▶ PROVIDED DATA:
+ + + + + + +

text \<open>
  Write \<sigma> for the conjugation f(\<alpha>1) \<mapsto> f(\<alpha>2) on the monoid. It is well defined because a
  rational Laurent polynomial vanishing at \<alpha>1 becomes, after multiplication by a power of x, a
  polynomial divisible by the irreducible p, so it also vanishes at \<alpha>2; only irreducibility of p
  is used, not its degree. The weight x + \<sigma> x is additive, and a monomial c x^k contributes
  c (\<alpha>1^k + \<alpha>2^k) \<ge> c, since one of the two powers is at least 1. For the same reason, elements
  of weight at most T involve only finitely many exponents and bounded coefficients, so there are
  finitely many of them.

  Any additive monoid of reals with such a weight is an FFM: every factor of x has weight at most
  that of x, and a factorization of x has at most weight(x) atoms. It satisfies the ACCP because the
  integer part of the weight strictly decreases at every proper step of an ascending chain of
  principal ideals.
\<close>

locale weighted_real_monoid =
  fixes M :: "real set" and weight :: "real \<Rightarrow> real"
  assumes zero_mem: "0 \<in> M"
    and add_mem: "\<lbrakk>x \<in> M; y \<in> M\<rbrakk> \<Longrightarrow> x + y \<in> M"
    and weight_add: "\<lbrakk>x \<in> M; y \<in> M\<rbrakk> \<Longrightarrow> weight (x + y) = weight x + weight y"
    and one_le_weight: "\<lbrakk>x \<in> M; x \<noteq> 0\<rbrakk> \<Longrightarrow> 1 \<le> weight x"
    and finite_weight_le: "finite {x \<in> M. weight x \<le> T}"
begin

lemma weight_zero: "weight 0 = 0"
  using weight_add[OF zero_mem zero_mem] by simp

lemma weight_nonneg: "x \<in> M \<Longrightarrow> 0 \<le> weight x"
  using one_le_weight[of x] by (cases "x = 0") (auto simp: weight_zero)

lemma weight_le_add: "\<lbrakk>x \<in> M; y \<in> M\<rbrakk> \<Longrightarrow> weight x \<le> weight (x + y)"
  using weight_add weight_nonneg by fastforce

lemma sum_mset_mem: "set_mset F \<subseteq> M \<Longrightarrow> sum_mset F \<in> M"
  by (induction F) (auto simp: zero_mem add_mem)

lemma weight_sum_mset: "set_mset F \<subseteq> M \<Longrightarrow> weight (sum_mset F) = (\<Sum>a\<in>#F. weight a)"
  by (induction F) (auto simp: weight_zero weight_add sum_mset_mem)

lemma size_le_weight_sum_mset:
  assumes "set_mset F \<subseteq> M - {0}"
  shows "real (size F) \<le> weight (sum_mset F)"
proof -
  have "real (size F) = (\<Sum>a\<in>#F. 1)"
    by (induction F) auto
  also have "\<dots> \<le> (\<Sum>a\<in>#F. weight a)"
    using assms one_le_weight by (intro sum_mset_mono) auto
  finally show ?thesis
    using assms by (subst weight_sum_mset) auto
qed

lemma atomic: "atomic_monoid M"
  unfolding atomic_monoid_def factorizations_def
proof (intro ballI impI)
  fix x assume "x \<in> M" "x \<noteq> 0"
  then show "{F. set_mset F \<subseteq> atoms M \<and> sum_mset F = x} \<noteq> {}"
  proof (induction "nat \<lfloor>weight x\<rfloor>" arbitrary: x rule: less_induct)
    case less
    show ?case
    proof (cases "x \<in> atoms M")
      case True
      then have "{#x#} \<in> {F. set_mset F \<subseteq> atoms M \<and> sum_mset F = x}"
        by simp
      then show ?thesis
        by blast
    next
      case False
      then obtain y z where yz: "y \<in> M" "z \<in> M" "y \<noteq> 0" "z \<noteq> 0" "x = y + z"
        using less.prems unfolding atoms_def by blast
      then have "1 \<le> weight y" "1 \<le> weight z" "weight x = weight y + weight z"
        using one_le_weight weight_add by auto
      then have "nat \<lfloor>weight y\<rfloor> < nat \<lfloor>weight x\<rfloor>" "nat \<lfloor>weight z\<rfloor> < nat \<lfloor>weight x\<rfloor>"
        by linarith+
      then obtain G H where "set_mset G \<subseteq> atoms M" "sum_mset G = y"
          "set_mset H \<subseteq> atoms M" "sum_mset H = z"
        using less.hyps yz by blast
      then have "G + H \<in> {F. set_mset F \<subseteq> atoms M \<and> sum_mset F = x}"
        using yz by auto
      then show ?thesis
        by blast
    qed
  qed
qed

+ + + + + + +

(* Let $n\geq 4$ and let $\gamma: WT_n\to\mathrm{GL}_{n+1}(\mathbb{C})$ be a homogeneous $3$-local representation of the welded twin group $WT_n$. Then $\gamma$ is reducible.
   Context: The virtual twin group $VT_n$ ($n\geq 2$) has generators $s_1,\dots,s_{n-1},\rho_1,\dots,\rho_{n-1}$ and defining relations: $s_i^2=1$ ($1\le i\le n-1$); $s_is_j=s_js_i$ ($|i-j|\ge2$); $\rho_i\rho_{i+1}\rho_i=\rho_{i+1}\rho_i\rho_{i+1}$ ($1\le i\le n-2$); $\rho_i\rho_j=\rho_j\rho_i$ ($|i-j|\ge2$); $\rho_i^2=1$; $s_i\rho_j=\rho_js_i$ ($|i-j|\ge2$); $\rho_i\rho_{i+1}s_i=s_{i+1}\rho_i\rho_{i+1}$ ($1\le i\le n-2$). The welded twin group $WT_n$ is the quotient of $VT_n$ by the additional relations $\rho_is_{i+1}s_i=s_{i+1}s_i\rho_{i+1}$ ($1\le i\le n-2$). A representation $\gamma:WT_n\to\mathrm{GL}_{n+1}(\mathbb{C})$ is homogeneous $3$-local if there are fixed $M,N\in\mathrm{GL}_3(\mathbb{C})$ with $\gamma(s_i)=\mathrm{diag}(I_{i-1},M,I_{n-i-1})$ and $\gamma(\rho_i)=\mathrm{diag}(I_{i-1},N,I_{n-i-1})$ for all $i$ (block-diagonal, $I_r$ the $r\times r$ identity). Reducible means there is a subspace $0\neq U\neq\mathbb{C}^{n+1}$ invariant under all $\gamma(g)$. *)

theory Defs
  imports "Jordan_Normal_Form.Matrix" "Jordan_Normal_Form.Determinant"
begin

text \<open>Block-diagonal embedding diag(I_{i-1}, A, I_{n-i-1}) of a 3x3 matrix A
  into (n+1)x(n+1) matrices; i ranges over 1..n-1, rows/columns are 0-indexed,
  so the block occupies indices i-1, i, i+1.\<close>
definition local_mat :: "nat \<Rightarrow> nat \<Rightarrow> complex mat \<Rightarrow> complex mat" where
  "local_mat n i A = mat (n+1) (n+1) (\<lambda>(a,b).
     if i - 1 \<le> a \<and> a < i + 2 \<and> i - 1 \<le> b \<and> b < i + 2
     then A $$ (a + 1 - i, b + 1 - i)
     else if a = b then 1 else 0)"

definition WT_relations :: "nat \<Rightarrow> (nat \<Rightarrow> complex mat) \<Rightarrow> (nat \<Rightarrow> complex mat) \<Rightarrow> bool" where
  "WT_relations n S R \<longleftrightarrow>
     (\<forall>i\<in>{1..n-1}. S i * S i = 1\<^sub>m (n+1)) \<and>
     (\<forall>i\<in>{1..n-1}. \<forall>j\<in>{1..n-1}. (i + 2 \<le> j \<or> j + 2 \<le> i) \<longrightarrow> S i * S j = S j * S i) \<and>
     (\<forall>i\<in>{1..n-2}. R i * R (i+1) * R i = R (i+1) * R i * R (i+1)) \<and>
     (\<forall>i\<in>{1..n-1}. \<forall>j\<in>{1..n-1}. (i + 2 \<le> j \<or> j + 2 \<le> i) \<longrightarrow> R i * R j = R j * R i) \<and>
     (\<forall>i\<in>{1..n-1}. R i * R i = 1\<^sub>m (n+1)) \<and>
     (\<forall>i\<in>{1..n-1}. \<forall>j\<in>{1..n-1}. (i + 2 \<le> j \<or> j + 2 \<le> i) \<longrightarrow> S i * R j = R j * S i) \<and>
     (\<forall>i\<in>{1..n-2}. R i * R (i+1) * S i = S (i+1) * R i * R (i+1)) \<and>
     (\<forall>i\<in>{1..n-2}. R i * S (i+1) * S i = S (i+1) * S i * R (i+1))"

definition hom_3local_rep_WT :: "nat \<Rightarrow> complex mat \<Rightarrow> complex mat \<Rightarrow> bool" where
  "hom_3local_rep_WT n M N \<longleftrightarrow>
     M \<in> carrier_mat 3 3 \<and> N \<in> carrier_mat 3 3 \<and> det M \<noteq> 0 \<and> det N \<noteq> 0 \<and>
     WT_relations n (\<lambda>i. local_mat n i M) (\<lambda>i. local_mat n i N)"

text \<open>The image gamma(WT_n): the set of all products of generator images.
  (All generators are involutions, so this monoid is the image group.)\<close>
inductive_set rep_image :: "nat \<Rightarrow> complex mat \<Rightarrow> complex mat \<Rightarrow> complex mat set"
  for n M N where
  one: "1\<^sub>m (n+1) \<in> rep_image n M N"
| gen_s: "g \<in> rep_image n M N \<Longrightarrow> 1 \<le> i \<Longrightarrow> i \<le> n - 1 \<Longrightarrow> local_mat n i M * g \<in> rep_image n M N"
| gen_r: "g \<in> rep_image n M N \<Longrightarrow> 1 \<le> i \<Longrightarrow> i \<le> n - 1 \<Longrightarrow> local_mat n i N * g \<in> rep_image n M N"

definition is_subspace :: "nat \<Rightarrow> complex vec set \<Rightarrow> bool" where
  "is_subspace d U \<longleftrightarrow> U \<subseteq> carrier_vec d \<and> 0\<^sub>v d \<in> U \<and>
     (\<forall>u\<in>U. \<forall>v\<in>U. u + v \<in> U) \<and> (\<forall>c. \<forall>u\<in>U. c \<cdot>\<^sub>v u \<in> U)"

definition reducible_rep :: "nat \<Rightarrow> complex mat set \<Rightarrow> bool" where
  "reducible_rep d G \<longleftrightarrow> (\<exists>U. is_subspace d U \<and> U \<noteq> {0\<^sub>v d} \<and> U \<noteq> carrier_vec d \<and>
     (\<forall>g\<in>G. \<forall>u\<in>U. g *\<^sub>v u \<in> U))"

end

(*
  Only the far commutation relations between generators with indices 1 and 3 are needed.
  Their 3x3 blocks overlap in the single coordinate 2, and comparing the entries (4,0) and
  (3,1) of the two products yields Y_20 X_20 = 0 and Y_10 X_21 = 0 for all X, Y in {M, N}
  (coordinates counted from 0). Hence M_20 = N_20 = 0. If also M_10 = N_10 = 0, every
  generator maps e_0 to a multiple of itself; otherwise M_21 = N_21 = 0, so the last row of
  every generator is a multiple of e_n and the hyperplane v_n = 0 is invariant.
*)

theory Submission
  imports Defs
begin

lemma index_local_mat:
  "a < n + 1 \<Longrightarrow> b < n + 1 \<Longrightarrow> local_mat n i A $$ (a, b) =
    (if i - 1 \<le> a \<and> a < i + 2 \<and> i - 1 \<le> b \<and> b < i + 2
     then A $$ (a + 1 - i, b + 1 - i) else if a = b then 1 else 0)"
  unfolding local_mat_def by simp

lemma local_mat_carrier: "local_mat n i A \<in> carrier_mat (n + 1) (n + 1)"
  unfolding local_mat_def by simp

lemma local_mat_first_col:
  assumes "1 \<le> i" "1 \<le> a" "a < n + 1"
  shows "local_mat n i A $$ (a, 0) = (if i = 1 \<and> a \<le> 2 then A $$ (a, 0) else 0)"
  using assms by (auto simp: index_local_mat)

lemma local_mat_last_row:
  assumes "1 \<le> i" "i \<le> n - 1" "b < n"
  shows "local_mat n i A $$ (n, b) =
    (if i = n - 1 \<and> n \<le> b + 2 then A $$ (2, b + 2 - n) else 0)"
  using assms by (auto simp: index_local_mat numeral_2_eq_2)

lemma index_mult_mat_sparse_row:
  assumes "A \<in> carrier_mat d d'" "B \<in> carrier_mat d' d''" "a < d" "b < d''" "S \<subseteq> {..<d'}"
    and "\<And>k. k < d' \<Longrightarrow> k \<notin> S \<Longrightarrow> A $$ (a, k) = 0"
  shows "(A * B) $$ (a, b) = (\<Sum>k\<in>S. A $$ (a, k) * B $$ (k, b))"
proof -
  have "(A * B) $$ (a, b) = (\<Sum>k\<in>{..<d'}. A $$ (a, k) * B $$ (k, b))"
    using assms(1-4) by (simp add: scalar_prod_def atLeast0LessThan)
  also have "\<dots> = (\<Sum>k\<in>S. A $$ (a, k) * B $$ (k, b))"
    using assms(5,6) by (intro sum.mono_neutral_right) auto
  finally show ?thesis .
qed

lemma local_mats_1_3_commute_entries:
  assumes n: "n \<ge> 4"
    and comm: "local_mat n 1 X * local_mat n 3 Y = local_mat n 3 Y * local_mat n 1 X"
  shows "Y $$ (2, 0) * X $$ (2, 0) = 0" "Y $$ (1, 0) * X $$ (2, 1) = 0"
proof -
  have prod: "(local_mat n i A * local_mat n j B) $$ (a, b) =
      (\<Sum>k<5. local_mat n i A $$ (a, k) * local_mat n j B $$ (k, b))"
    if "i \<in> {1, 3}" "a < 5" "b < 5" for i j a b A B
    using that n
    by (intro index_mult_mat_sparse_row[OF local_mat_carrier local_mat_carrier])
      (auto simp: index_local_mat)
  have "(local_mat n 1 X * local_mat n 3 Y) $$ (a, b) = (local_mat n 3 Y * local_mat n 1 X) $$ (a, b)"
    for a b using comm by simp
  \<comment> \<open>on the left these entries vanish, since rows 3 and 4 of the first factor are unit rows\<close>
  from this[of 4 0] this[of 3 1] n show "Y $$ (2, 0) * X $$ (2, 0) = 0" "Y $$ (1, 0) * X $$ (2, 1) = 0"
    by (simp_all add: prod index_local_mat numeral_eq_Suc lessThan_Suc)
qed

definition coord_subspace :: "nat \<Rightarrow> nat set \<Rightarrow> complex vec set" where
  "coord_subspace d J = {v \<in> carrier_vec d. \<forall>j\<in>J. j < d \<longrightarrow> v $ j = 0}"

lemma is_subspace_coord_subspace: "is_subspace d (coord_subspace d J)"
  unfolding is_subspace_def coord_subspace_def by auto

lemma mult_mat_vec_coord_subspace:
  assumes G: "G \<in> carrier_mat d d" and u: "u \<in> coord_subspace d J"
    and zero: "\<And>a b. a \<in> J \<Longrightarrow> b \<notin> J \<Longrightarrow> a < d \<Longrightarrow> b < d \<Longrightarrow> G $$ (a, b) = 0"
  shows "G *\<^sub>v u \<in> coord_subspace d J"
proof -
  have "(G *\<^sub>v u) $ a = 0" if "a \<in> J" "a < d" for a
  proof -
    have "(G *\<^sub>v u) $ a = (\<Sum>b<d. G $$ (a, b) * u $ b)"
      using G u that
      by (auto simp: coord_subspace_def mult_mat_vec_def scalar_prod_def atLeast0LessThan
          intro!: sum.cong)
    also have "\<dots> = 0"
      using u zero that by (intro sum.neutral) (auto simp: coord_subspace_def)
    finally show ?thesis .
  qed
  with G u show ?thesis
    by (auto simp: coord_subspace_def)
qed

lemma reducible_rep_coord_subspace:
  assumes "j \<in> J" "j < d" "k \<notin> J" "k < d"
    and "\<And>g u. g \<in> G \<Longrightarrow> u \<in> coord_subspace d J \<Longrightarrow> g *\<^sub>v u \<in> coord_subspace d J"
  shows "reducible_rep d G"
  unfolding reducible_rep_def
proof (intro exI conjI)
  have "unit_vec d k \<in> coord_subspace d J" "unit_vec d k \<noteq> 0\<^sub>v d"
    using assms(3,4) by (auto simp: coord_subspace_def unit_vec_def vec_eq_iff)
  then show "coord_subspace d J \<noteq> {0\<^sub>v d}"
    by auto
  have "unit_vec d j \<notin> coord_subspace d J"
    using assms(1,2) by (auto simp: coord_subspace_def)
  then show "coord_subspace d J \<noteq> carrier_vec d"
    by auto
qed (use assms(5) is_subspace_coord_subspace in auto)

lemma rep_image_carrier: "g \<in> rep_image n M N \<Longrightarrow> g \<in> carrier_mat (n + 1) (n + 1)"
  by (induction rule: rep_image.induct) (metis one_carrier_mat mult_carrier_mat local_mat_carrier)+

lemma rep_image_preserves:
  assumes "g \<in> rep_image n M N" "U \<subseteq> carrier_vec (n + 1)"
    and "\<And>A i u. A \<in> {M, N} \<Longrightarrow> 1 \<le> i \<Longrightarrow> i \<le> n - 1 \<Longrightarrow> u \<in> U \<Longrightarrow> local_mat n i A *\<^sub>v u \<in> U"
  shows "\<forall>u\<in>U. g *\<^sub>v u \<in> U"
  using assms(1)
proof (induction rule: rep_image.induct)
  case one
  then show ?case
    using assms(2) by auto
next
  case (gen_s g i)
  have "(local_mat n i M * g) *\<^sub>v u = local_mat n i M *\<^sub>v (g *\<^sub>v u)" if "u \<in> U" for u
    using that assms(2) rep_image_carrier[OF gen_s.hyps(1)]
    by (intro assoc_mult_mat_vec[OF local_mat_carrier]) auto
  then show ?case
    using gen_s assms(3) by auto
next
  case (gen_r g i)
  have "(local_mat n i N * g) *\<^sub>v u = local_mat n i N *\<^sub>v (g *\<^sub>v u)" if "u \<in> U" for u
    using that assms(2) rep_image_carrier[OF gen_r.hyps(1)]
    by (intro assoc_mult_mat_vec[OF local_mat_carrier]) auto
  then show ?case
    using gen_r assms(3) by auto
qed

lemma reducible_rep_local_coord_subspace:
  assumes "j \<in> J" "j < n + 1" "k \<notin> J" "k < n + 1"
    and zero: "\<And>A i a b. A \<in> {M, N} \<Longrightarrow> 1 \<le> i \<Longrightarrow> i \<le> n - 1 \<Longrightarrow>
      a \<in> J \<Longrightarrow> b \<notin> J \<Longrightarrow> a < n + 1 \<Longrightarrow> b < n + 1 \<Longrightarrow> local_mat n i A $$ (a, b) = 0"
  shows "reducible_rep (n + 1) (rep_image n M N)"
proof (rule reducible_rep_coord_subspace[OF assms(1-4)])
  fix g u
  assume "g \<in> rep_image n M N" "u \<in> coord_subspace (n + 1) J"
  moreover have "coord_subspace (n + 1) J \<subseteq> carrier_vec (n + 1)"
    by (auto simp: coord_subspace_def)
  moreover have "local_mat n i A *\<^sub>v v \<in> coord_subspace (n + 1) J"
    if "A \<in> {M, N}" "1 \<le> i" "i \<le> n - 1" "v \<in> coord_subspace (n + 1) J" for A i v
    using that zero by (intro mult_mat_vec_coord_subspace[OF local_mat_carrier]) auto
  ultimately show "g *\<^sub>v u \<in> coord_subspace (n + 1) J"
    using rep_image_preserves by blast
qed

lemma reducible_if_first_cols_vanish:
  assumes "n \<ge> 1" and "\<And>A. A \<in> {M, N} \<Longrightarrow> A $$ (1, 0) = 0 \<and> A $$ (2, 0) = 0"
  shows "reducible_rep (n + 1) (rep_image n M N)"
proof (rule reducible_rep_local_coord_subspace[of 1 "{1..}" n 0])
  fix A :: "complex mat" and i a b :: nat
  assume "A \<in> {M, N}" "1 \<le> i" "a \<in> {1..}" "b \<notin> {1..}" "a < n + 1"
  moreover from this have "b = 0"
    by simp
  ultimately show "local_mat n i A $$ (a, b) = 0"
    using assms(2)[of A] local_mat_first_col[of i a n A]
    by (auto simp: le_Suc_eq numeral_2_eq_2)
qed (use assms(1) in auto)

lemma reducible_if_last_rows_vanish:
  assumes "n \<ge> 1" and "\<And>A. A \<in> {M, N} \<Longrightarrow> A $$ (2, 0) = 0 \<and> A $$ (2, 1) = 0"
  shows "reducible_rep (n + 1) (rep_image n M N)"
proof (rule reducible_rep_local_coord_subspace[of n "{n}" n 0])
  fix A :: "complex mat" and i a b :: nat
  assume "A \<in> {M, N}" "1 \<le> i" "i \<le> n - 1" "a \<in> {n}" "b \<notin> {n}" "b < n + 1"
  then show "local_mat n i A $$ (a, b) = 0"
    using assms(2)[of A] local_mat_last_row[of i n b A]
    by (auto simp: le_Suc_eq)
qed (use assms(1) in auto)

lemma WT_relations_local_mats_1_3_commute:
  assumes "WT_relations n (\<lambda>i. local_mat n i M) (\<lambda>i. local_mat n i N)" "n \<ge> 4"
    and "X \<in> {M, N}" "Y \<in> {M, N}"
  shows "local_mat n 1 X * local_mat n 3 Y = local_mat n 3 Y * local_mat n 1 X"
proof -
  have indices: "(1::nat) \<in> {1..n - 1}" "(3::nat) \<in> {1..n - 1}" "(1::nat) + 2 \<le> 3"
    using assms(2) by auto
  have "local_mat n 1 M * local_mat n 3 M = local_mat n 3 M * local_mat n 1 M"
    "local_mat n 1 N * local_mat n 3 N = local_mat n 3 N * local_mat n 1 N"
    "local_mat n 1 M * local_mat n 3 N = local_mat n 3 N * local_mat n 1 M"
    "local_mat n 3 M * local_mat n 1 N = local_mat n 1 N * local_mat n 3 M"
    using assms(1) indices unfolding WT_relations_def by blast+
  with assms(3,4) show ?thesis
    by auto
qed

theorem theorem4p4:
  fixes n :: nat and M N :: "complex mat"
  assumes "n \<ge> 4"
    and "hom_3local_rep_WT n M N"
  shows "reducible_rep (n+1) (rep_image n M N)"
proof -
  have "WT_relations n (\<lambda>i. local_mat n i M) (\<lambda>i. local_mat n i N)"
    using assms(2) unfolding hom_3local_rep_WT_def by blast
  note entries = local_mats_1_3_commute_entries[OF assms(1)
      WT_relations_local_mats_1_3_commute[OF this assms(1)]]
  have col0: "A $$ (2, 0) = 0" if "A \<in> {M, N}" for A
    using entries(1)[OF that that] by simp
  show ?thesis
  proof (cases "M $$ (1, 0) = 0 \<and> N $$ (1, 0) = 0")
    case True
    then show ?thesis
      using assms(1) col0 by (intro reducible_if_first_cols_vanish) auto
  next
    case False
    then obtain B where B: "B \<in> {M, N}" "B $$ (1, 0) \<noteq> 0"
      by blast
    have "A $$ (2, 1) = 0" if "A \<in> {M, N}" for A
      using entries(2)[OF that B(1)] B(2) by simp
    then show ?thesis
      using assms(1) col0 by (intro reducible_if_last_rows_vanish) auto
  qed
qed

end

+ + + + + + +

▶ WHAT TO PRODUCE: Filter the entries and copy each line with "finally".

▶ OUTPUT OF THE TASK:
  finally show ?thesis
  finally show ?thesis .
    finally show ?thesis .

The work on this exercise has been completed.